El gimlet está a medio camino entre la adoración ciega y la aberración abnegada: hay quien ha escrito tratados sobre él, hay quien lo ha llamado ‘daiquirí que crece torcido’. Su receta es sencilla, incluye únicamente ginebra (a Buñuel, y hay gente a la que le gusta confiar en Buñuel, le gustaba el mareante Plymouth Full Strength) y el jugo de lima concentrado de Rose (los puristas –como se verá abajo– dicen que tiene que ser de esta marca), pero su pedigrí es largo cual cruda de martini. Quiere el folclor que los ingleses inventaran tanto el jugo de Rose como el coctel: que fue un aburrido pero brillante recluta de la Marina Real del Imperio el primero en unir su ración diaria de ginebra, lima y gotas de quinina para hacer más cortas las largas noches de guardia sobre la cubierta resbalosa. Se dice, además, que ese recluta venerable usó la palabra gimlet porque el jugo de lima llegaba a las colonias inglesas del siglo XVIII en contenedores que incluían, también, una pequeña herramienta de ese nombre, parecida a un sacacorchos. (La herramienta está en este texto de 1420: “Then came the good Bachus On hys hede he had a thredebare kendall hood; A gymlot and a fauset thereopon stood”, que tiene a Baco con un gimlet como tocado.)

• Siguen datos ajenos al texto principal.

definition red_coord :: "enat \<Rightarrow> int \<Rightarrow> int" where
  "red_coord e z = (case e of enat a \<Rightarrow> I_lo a + (z - I_lo a) mod int a | \<infinity> \<Rightarrow> z)"

lemma red_coord_bounds:
  assumes "a > 0"
  shows "I_lo a \<le> red_coord (enat a) z" "red_coord (enat a) z \<le> I_hi a"
proof -
  have "0 \<le> (z - I_lo a) mod int a" "(z - I_lo a) mod int a < int a" using assms by auto
  moreover have "I_hi a - I_lo a = int a - 1" unfolding I_hi_def I_lo_def by presburger
  ultimately show "I_lo a \<le> red_coord (enat a) z" "red_coord (enat a) z \<le> I_hi a"
    unfolding red_coord_def by auto
qed

lemma red_coord_dvd: "int a dvd z - red_coord (enat a) z"
proof -
  have "z - red_coord (enat a) z = (z - I_lo a) - (z - I_lo a) mod int a"
    unfolding red_coord_def by simp
  also have "\<dots> = int a * ((z - I_lo a) div int a)" by (simp add: minus_mod_eq_mult_div)
  finally show ?thesis by simp
qed

lemma interval_eq_if_dvd_diff:
  fixes r r' :: int
  assumes "I_lo a \<le> r" "r \<le> I_hi a" "I_lo a \<le> r'" "r' \<le> I_hi a" "int a dvd r - r'"
  shows "r = r'"
proof -
  obtain t where t: "r - r' = int a * t" using assms(5) by (auto simp: dvd_def)
  have "\<bar>int a * t\<bar> < int a"
    using assms(1-4) t unfolding I_hi_def I_lo_def by linarith
  then have "\<bar>t\<bar> < 1" by (simp add: abs_mult mult_less_cancel_left2)
  then have "t = 0" by simp
  with t show ?thesis by simp
qed
(* If $p\in I(f)$ then $p$ is a quasi-homogeneous singularity of $\eta$.
   Context: Let $n=3$. Let $f:\mathbb P^3\dashrightarrow\mathbb P^2$, $f=(F_0:F_1:F_2^\gamma)$ with $F_0,F_1,F_2$ homogeneous without common factors, $\deg F_0=\deg F_1=\gamma\deg F_2=\nu\geq 2$, $\gamma\geq 2$, be generic, i.e. $dF_0\wedge dF_1\wedge dF_2\neq 0$ at every point of $\tilde f^{-1}(0)\setminus\{0\}$ ($\tilde f$ the lift to $\mathbb C^{4}$); $I(f)=\Pi(\tilde f^{-1}(0))$ is its indeterminacy locus. Let $\mathcal G$ be a foliation of degree $d\geq 2$ on $\mathbb P^2$ leaving the line $Z=0$ invariant, defined by $ZA\,dX+ZB\,dY+C\,dZ$ with $XA+YB+C=0$, all of whose singularities are nondegenerate with nonreal characteristic numbers, whose only algebraic invariant curve is that line, and such that $\mathrm{Sing}(\mathcal G)$ does not meet $Y_2(f)=\Pi_2[\tilde f\{w: dF_0\wedge dF_1\wedge dF_2(w)=0\}]$. Let $\mathcal F=f^*\mathcal G$. Near $p\in I(f)$ there is a local chart $(x_0,x_1,x_2)$ with $\tilde f=(x_0,x_1,x_2^\gamma)$, in which $\mathcal F$ is represented by $\eta=x_2A(x_0,x_1,x_2^\gamma)dx_0+x_2B(x_0,x_1,x_2^\gamma)dx_1+\gamma C(x_0,x_1,x_2^\gamma)dx_2$. A point $p$ is a quasi-homogeneous singularity of an integrable $1$-form $\omega$ on a neighborhood of $p\in\mathbb C^3$ if, writing $d\omega=i_{\mathcal Z}\mu$ for a holomorphic $3$-form $\mu$ with $\mu(p)\neq 0$ and holomorphic vector field $\mathcal Z$, $p$ is an isolated singularity of $\mathcal Z$ and all eigenvalues of $D\mathcal Z(p)$ are zero. *)

theory Defs
  imports "HOL-Analysis.Analysis"
begin

type_synonym cfun3 = "complex \<Rightarrow> complex \<Rightarrow> complex \<Rightarrow> complex"

definition app3 :: "cfun3 \<Rightarrow> complex \<times> complex \<times> complex \<Rightarrow> complex" where
  "app3 F q = (case q of (x, y, z) \<Rightarrow> F x y z)"

definition comp3 :: "nat \<Rightarrow> complex \<times> complex \<times> complex \<Rightarrow> complex" where
  "comp3 l q = (case q of (x, y, z) \<Rightarrow> (if l = 0 then x else if l = 1 then y else z))"

definition hpoly :: "nat \<Rightarrow> cfun3 \<Rightarrow> bool" where
  "hpoly k F \<longleftrightarrow> (\<exists>c :: nat \<Rightarrow> nat \<Rightarrow> complex. \<forall>x y z.
      F x y z = (\<Sum>i\<le>k. \<Sum>j\<le>k - i. c i j * x ^ i * y ^ j * z ^ (k - i - j)))"

definition pd :: "nat \<Rightarrow> cfun3 \<Rightarrow> cfun3" where
  "pd i F = (\<lambda>x y z. if i = 0 then deriv (\<lambda>t. F t y z) x
                      else if i = 1 then deriv (\<lambda>t. F x t z) y
                      else deriv (\<lambda>t. F x y t) z)"

text \<open>Holomorphic on an open set of C^3: continuous and holomorphic in each variable
  separately (equivalent to holomorphy by Osgood's lemma).\<close>
definition holo3 :: "(complex \<times> complex \<times> complex) set \<Rightarrow> cfun3 \<Rightarrow> bool" where
  "holo3 U F \<longleftrightarrow> continuous_on U (app3 F) \<and>
     (\<forall>x y z. (x, y, z) \<in> U \<longrightarrow>
        (\<lambda>t. F t y z) field_differentiable (at x) \<and>
        (\<lambda>t. F x t z) field_differentiable (at y) \<and>
        (\<lambda>t. F x y t) field_differentiable (at z))"

definition eigenvalue3 :: "(nat \<Rightarrow> nat \<Rightarrow> complex) \<Rightarrow> complex \<Rightarrow> bool" where
  "eigenvalue3 M mu \<longleftrightarrow> (\<exists>v :: nat \<Rightarrow> complex. (\<exists>i<3. v i \<noteq> 0) \<and>
      (\<forall>i<3. (\<Sum>j<3. M i j * v j) = mu * v i))"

 foto: Michael Korkuska/flickr

foto: Michael Korkuska/flickr

Otra versión quiere que el palabro provenga de sir T.O. Gimlette, oficial y cirujano que sirvió en la Marina Real entre 1879 y 1917. El Dictionary of Eponyms afirma que el buen doctor creó el gimlet como tónico medicinal –además de servirle para diluir ginebra, que él creía estaba arruinando las neuronas de muchos marinos.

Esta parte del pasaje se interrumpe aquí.